- [ACTIVITY] What you return must be every line below that includes the word "disj".

=======

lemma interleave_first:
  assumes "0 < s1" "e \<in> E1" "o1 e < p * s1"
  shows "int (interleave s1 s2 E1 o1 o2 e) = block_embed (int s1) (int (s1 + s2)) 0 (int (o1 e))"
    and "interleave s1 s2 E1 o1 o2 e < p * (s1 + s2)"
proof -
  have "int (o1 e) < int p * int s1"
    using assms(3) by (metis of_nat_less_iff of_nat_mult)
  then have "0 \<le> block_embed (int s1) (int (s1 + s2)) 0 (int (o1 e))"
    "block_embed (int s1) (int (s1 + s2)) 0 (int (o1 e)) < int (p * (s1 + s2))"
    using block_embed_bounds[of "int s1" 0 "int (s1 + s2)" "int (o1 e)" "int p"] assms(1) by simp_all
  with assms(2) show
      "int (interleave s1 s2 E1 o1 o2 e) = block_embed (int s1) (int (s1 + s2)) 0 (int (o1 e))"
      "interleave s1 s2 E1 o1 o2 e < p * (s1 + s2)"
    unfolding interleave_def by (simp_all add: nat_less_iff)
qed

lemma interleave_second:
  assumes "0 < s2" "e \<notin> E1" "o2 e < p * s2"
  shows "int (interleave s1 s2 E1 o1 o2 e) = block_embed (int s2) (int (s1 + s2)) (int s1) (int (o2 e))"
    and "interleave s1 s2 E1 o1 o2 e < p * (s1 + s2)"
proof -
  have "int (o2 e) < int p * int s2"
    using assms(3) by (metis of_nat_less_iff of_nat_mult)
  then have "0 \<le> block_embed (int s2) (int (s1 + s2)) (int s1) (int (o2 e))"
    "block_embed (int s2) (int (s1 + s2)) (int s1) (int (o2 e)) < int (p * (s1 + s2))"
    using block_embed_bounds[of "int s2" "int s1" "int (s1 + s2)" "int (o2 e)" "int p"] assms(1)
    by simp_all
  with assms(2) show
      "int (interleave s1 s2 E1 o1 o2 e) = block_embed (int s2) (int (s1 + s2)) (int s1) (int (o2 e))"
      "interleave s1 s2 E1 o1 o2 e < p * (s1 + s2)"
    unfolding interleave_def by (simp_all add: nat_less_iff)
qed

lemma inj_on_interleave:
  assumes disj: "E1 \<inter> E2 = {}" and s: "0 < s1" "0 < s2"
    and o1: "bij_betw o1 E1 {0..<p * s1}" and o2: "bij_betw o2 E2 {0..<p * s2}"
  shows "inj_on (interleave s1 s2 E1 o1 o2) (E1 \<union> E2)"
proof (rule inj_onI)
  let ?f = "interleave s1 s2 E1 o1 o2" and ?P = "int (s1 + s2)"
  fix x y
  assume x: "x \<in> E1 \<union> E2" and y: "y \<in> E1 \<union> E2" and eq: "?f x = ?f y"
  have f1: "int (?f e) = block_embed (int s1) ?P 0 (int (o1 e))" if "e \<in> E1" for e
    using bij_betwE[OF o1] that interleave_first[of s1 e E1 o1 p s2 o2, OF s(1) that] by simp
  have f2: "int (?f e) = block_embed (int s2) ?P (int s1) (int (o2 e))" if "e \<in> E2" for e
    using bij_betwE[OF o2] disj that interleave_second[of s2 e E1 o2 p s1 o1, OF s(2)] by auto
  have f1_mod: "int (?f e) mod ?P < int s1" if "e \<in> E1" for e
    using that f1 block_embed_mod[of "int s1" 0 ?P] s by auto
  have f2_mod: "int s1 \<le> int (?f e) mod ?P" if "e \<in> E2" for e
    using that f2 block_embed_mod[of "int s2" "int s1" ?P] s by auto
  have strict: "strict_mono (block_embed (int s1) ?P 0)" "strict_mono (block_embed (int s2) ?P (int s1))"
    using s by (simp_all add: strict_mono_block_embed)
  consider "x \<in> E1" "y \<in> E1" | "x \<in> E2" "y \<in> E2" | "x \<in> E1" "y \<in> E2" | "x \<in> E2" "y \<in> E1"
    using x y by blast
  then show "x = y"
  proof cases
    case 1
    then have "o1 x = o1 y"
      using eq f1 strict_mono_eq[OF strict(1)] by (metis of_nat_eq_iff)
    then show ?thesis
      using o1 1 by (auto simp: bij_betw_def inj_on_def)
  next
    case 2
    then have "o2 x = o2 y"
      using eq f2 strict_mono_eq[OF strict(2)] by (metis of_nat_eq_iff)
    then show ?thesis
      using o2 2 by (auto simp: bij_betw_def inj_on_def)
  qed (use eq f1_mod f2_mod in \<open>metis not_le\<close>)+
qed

=======

- [RESULT FOR THIS EXERCISE]
  assumes disj: "E1 \<inter> E2 = {}" and s: "0 < s1" "0 < s2"
    using bij_betwE[OF o2] disj that interleave_second[of s2 e E1 o2 p s1 o1, OF s(2)] by auto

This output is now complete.